If you have got a student loan to repay and you are employed, you normally repay the loan through your wages under PAYE. This normally happens automatically the April following your graduation, provided you have started working and are earning more than the repayment threshold.
HMRC provide your employer with the information they need to deduct the right amount from your wages. In order to calculate the correct repayment it is important that you note on the starter checklist what kind of loan you have (for example, a Plan 1 or Plan 2 or a postgraduate loan). If you do not know what loan you have the Student Loans Company has a useful tool to help you.
Your payslip must show how much has been deducted. It is useful to keep all your payslips while you are repaying your student loan in case there is a discrepancy about the amounts of repayments you have made.
There is more information about how you repay your student loan in our student loan section.
Under law, employees and ‘workers’ are entitled to certain rights, including a minimum wage.
You can find out more information about the National Living Wage and National Minimum Wage on our What is the National Minimum Wage for students? page and in the factsheet National Minimum Wage (NMW).
Pensions are a way of helping you to save up to pay for your living costs during retirement.
The UK government gives tax relief on contributions you pay into pensions. The idea is to encourage you to provide for your own retirement, rather than rely on the state.
Growth on pension savings is generally free of tax. When pensions are paid out to you they are taxable, but you should be able to take some part of the pension as a tax free lump sum.
You can find out more information about automatic enrolment in the factsheet Pension Automatic Enrolment.
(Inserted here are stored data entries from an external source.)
(* Only the gluing direction needs an argument: if f is a frieze on every cell, it is one on V.
   Induct on the number of diagonals of E and cut V along one of them, {p, q}; by induction f is a
   frieze on both halves.  A Ptolemy relation between crossing diagonals one of which lies in a half
   is reached from the relations across {p, q} by pentagon exchanges: in a pentagon, the two relations
   at one diagonal together with one further relation imply the others, after cancelling a common
   factor, which needs inverses in K.  Two diagonals that both cross {p, q} are related through the
   pentagon they span with p. *)

lemma crosses_iff:
  "crosses {a, b} {c, d} \<longleftrightarrow>
     (a < c \<and> c < b \<and> b < d) \<or> (b < c \<and> c < a \<and> a < d) \<or>
     (a < d \<and> d < b \<and> b < c) \<or> (b < d \<and> d < a \<and> a < c) \<or>
     (c < a \<and> a < d \<and> d < b) \<or> (d < a \<and> a < c \<and> c < b) \<or>
     (c < b \<and> b < d \<and> d < a) \<or> (d < b \<and> b < c \<and> c < a)"
  unfolding crosses_def doubleton_eq_iff by (auto; blast)

lemma crosses_commute: "crosses e e' \<longleftrightarrow> crosses e' e"
  unfolding crosses_def by blast

lemma crosses_distinct:
  "crosses {a, b} {c, d} \<Longrightarrow> distinct [a, b, c, d]"
  unfolding crosses_iff by auto

lemma crosses_rotate:
  fixes a b c d q M :: nat
  assumes "a < M" "b < M" "c < M" "d < M"
  defines "r \<equiv> \<lambda>x. if q \<le> x then x else x + M"
  shows "crosses {r a, r b} {r c, r d} \<longleftrightarrow> crosses {a, b} {c, d}"
  using assms(1-4) unfolding crosses_iff r_def by (auto split: if_splits)

lemma doubleton_mem_diag_iff: "{a, b} \<in> diag V \<longleftrightarrow> a \<in> V \<and> b \<in> V \<and> a \<noteq> b"
  unfolding diag_def by (auto simp: doubleton_eq_iff)

lemma ptolemy_swap:
  fixes f :: "nat set \<Rightarrow> 'k::semifield"
  shows ptolemy_swap_left: "ptolemy f a b c d \<longleftrightarrow> ptolemy f b a c d"
    and ptolemy_swap_right: "ptolemy f a b c d \<longleftrightarrow> ptolemy f a b d c"
    and ptolemy_swap_pairs: "ptolemy f a b c d \<longleftrightarrow> ptolemy f c d a b"
  unfolding ptolemy_def by (auto simp: insert_commute ac_simps)

lemma semifield_mult_right_cancel:
  fixes x y k :: "'k::semifield"
  assumes "x * k = y * k"
  shows "x = y"
proof -
  have "x = x * k * inverse k" by (simp add: mult.assoc semifield_right_inverse)
  also have "\<dots> = y * k * inverse k" using assms by simp
  also have "\<dots> = y" by (simp add: mult.assoc semifield_right_inverse)
  finally show ?thesis .
qed

(* The vertices u, a, e, w, b, in this cyclic order, form a pentagon. *)
lemma ptolemy_pentagon:
  fixes f :: "nat set \<Rightarrow> 'k::semifield"
  assumes ue_aw: "ptolemy f u e a w" and eb_uw: "ptolemy f e b u w" and ab_uw: "ptolemy f a b u w"
  shows "ptolemy f a b u e"
proof -
  have "f {a, b} * f {u, e} * f {u, w} = (f {a, u} * f {b, w} + f {a, w} * f {b, u}) * f {u, e}"
    using ab_uw unfolding ptolemy_def by (metis mult.assoc mult.commute)
  also have "\<dots> = f {a, u} * f {b, w} * f {u, e} + f {b, u} * (f {u, e} * f {a, w})"
    by (simp add: algebra_simps)
  also have "\<dots> = f {a, u} * f {b, w} * f {u, e} + f {b, u} * (f {u, a} * f {e, w} + f {u, w} * f {e, a})"
    using ue_aw unfolding ptolemy_def by simp
  also have "\<dots> = f {a, u} * (f {e, u} * f {b, w} + f {e, w} * f {b, u}) + f {a, e} * f {b, u} * f {u, w}"
    by (simp add: algebra_simps insert_commute)
  also have "\<dots> = f {a, u} * (f {e, b} * f {u, w}) + f {a, e} * f {b, u} * f {u, w}"
    using eb_uw unfolding ptolemy_def by simp
  also have "\<dots> = (f {a, u} * f {b, e} + f {a, e} * f {b, u}) * f {u, w}"
    by (simp add: algebra_simps insert_commute)
  finally show ?thesis
    unfolding ptolemy_def by (rule semifield_mult_right_cancel)
qed

lemma weak_frieze_ptolemy:
  assumes "weak_frieze V D f" "a \<in> V" "b \<in> V" "c \<in> V" "d \<in> V"
    and "crosses {a, b} {c, d}" "{a, b} \<in> D \<or> {c, d} \<in> D"
  shows "ptolemy f a b c d"
  using assms crosses_commute ptolemy_swap_pairs unfolding weak_frieze_def by metis

lemma weak_frieze_antimono:
  "weak_frieze V D f \<Longrightarrow> W \<subseteq> V \<Longrightarrow> D' \<subseteq> D \<Longrightarrow> weak_frieze W D' f"
  unfolding weak_frieze_def by blast

lemma weak_frieze_Un:
  "weak_frieze V (D \<union> D') f \<longleftrightarrow> weak_frieze V D f \<and> weak_frieze V D' f"
  unfolding weak_frieze_def by blast

lemma frieze_iff_weak_frieze_UNIV: "frieze V f \<longleftrightarrow> weak_frieze V UNIV f"
  unfolding frieze_def weak_frieze_def by blast

lemma frieze_subset: "frieze V f \<Longrightarrow> W \<subseteq> V \<Longrightarrow> frieze W f"
  unfolding frieze_def by blast

lemma frieze_cong:
  assumes "\<And>e. e \<in> diag V \<Longrightarrow> f e = g e"
  shows "frieze V f \<longleftrightarrow> frieze V g"
proof -
  have "ptolemy f a b c d \<longleftrightarrow> ptolemy g a b c d"
    if "a \<in> V" "b \<in> V" "c \<in> V" "d \<in> V" "crosses {a, b} {c, d}" for a b c d
    using that crosses_distinct[OF that(5)] assms
    unfolding ptolemy_def by (simp add: doubleton_mem_diag_iff)
  then show ?thesis unfolding frieze_def by blast
qed

lemma weak_frieze_relabel:
  fixes f :: "nat set \<Rightarrow> 'k::semifield"
  assumes inverse: "\<And>x. x \<in> V \<Longrightarrow> g (r x) = x"
    and crosses: "\<And>a b c d. a \<in> V \<Longrightarrow> b \<in> V \<Longrightarrow> c \<in> V \<Longrightarrow> d \<in> V \<Longrightarrow>
        crosses {r a, r b} {r c, r d} \<longleftrightarrow> crosses {a, b} {c, d}"
    and diagonals: "\<And>c d. c \<in> V \<Longrightarrow> d \<in> V \<Longrightarrow> {r c, r d} \<in> D' \<longleftrightarrow> {c, d} \<in> D"
  shows "weak_frieze (r ` V) D' (\<lambda>S. f (g ` S)) \<longleftrightarrow> weak_frieze V D f"
proof -
  have "ptolemy (\<lambda>S. f (g ` S)) (r a) (r b) (r c) (r d) \<longleftrightarrow> ptolemy f a b c d"
    if "a \<in> V" "b \<in> V" "c \<in> V" "d \<in> V" for a b c d
    using that by (simp add: ptolemy_def inverse)
  moreover have "weak_frieze (r ` V) D' h \<longleftrightarrow> (\<forall>a\<in>V. \<forall>b\<in>V. \<forall>c\<in>V. \<forall>d\<in>V.
      crosses {r a, r b} {r c, r d} \<longrightarrow> {r c, r d} \<in> D' \<longrightarrow> ptolemy h (r a) (r b) (r c) (r d))"
    for h :: "nat set \<Rightarrow> 'k"
    unfolding weak_frieze_def by blast
  ultimately show ?thesis
    using crosses diagonals unfolding weak_frieze_def by auto
qed
lemma lgraph_future_cover:
  fixes Y :: "(int \<Rightarrow> 'a::finite) set"
  assumes "shift_space Y" and finite: "finite (follower_sets Y)"
  shows "lgraph (future_cover Y)"
  unfolding lgraph_def
proof (intro conjI ballI)
  show "finite (verts (future_cover Y))" using finite by simp
  have "edges (future_cover Y) \<subseteq> follower_sets Y \<times> UNIV \<times> follower_sets Y"
    using ends_edge_future_cover by (auto simp: mem_Times_iff)
  then show "finite (edges (future_cover Y))"
    using finite by (simp add: finite_subset)
  fix e assume "e \<in> edges (future_cover Y)"
  then show "src (future_cover Y) e \<in> verts (future_cover Y)"
    and "trg (future_cover Y) e \<in> verts (future_cover Y)"
    using ends_edge_future_cover by simp_all
next
  fix u assume "u \<in> verts (future_cover Y)"
  then obtain y where y: "y \<in> Y" "u = follower Y y" by (auto simp: follower_sets_def)
  then have "cover_path Y y 0 \<in> edges (future_cover Y)" "cover_path Y y (- 1) \<in> edges (future_cover Y)"
    using shift_space.cover_path_edge_shift[OF assms(1)] unfolding edge_shift_def by blast+
  moreover have "fst (cover_path Y y 0) = u" "snd (snd (cover_path Y y (- 1))) = u"
    unfolding cover_path_def y(2) by simp_all
  ultimately show "\<exists>e\<in>edges (future_cover Y). src (future_cover Y) e = u"
    and "\<exists>e\<in>edges (future_cover Y). trg (future_cover Y) e = u" by auto
qed

lemma right_paths_case_nat:
  assumes "e \<in> edges G" "r \<in> right_paths G" "src G (r 0) = trg G e"
  shows "case_nat e r \<in> right_paths G"
  using assms unfolding right_paths_def by (auto split: nat.split)

lemma vfollower_trg:
  assumes rr: "right_resolving G" and e: "e \<in> edges G"
  shows "vfollower G (trg G e) = {w. case_nat (lab G e) w \<in> vfollower G (src G e)}"
proof
  show "vfollower G (trg G e) \<subseteq> {w. case_nat (lab G e) w \<in> vfollower G (src G e)}"
  proof
    fix w assume "w \<in> vfollower G (trg G e)"
    then obtain r where r: "r \<in> right_paths G" "src G (r 0) = trg G e" "w = lab G \<circ> r"
      unfolding vfollower_def by blast
    have "case_nat (lab G e) w = lab G \<circ> case_nat e r"
      using r(3) by (auto split: nat.split)
    then show "w \<in> {w. case_nat (lab G e) w \<in> vfollower G (src G e)}"
      using right_paths_case_nat[OF e r(1,2)] unfolding vfollower_def by fastforce
  qed
  show "{w. case_nat (lab G e) w \<in> vfollower G (src G e)} \<subseteq> vfollower G (trg G e)"
  proof
    fix w assume "w \<in> {w. case_nat (lab G e) w \<in> vfollower G (src G e)}"
    then obtain r where r: "r \<in> right_paths G" "src G (r 0) = src G e"
      and lab_r: "case_nat (lab G e) w = lab G \<circ> r"
      unfolding vfollower_def by blast
    have "lab G (r 0) = lab G e" using fun_cong[OF lab_r, of 0] by simp
    then have "r 0 = e" using rr e r unfolding right_resolving_def right_paths_def by blast
    then have "(\<lambda>n. r (Suc n)) \<in> right_paths G" "src G (r (Suc 0)) = trg G e"
      using r(1) unfolding right_paths_def by auto
    moreover have "w = lab G \<circ> (\<lambda>n. r (Suc n))"
      using fun_cong[OF lab_r, of "Suc n" for n] by auto
    ultimately show "w \<in> vfollower G (trg G e)" unfolding vfollower_def by fastforce
  qed
qed

lemma ex_edge_of_vfollower:
  assumes "case_nat a w \<in> vfollower G v"
  shows "\<exists>e\<in>edges G. src G e = v \<and> lab G e = a"
proof -
  obtain r where r: "r \<in> right_paths G" "src G (r 0) = v" "case_nat a w = lab G \<circ> r"
    using assms unfolding vfollower_def by blast
  have "lab G (r 0) = a" using fun_cong[OF r(3), of 0] by simp
  moreover have "r 0 \<in> edges G" using r(1) unfolding right_paths_def by blast
  ultimately show ?thesis using r(2) by blast
qed

lemma vfollower_in_follower_sets:
  assumes "regular_vertex G v"
  shows "vfollower G v \<in> follower_sets (presented G)"
proof -
  obtain z where "z \<in> edge_shift G" "vfollower G v = follower (presented G) (lab G \<circ> z)"
    using assms unfolding regular_vertex_def by blast
  then show ?thesis unfolding follower_sets_def presented_def by blast
qed

lemma edges_future_cover_subset_image:
  assumes "right_resolving G" and img: "vfollower G ` verts G = follower_sets (presented G)"
  shows "edges (future_cover (presented G))
    \<subseteq> (\<lambda>e. (vfollower G (src G e), lab G e, vfollower G (trg G e))) ` edges G"
proof
  fix t assume t: "t \<in> edges (future_cover (presented G))"
  obtain u a v where uav: "t = (u, a, v)" by (cases t)
  have "u \<in> follower_sets (presented G)" "v \<in> follower_sets (presented G)"
    and v: "v = {w. case_nat a w \<in> u}"
    using t unfolding uav mem_edges_future_cover by auto
  then obtain s w where s: "s \<in> verts G" "u = vfollower G s" and "w \<in> v"
    using img ex_mem_follower_set by (metis imageE)
  then have "case_nat a w \<in> vfollower G s" using v by simp
  then obtain e where e: "e \<in> edges G" "src G e = s" "lab G e = a"
    by (blast dest: ex_edge_of_vfollower)
  then have "vfollower G (trg G e) = v" using vfollower_trg[OF assms(1) e(1)] v s(2) by simp
  then show "t \<in> (\<lambda>e. (vfollower G (src G e), lab G e, vfollower G (trg G e))) ` edges G"
    using e s(2) uav by blast
qed

lemma lg_iso_future_cover:
  assumes G: "lgraph G" "right_resolving G"
    and bij: "bij_betw (vfollower G) (verts G) (follower_sets (presented G))"
  shows "lg_iso G (future_cover (presented G))"
proof -
  let ?\<phi> = "vfollower G"
  let ?\<psi> = "\<lambda>e. (?\<phi> (src G e), lab G e, ?\<phi> (trg G e))"
  have ends: "src G e \<in> verts G" "trg G e \<in> verts G" if "e \<in> edges G" for e
    using G(1) that unfolding lgraph_def by blast+
  have inj: "inj_on ?\<phi> (verts G)" and img: "?\<phi> ` verts G = follower_sets (presented G)"
    using bij unfolding bij_betw_def by blast+
  have "inj_on ?\<psi> (edges G)"
  proof (rule inj_onI)
    fix e1 e2 assume e: "e1 \<in> edges G" "e2 \<in> edges G" "?\<psi> e1 = ?\<psi> e2"
    then have "?\<phi> (src G e1) = ?\<phi> (src G e2)" and "lab G e1 = lab G e2" by simp_all
    moreover from this(1) have "src G e1 = src G e2"
      using inj_onD[OF inj _ ends(1)[OF e(1)] ends(1)[OF e(2)]] by blast
    ultimately show "e1 = e2" using G(2) e(1,2) unfolding right_resolving_def by blast
  qed
  moreover have "?\<psi> e \<in> edges (future_cover (presented G))" if e: "e \<in> edges G" for e
    using img ends[OF e] vfollower_trg[OF G(2) e] by (auto simp: mem_edges_future_cover)
  then have "?\<psi> ` edges G = edges (future_cover (presented G))"
    using edges_future_cover_subset_image[OF G(2) img] by blast
  ultimately have "bij_betw ?\<psi> (edges G) (edges (future_cover (presented G)))"
    unfolding bij_betw_def by blast
  then show ?thesis
    unfolding lg_iso_def using bij by (intro exI[of _ ?\<phi>] exI[of _ ?\<psi>]) simp
qed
You may be able to claim tax credits, universal credit or state benefits while you are working, depending on your circumstances.
You can find more information about tax credits and universal credit and who can claim them in our tax credits and benefits section.
What records should you keep?
You should keep the paperwork that contains details about your pay and tax, like:
- payslips and PAYE coding notices;
- forms P45 and P60;
- details of employment expenses;
- benefits in kind forms from your employer;
- information on any workplace pension scheme you join;
- information about any redundancy award or termination payment you get when your contract ends;
- notes of any tips or gratuities you get and any other taxable income or benefits that you have not already recorded somewhere else;
- details of any state benefits you have received.
If anyone (other than your employer) gives you benefits in kind for doing your job, you should keep a note of their name and address and what they gave you.
Why should you keep records?
You will need to refer to your records later if you ever need to:
- complete a Self Assessment tax return;
- claim a refund of overpaid tax;
- apply for tax credits and benefits (see the LITRG website).
How long should you keep records?
You should keep your records for at least 22 months from the end of the tax year they relate to. The tax year runs from 6 April to the following 5 April, so keep paperwork until at least 31 January nearly two years later. For example, you should keep records relating to the tax year 2019/20 (which ends 5 April 2020) until 31 January 2022 or longer if you are self-employed.
There is no harm in keeping them longer than strictly required and actually this could benefit you in some cases, as there are some time limits that extend beyond the 22 months (for example, you can go back up to four tax years to claim a tax refund).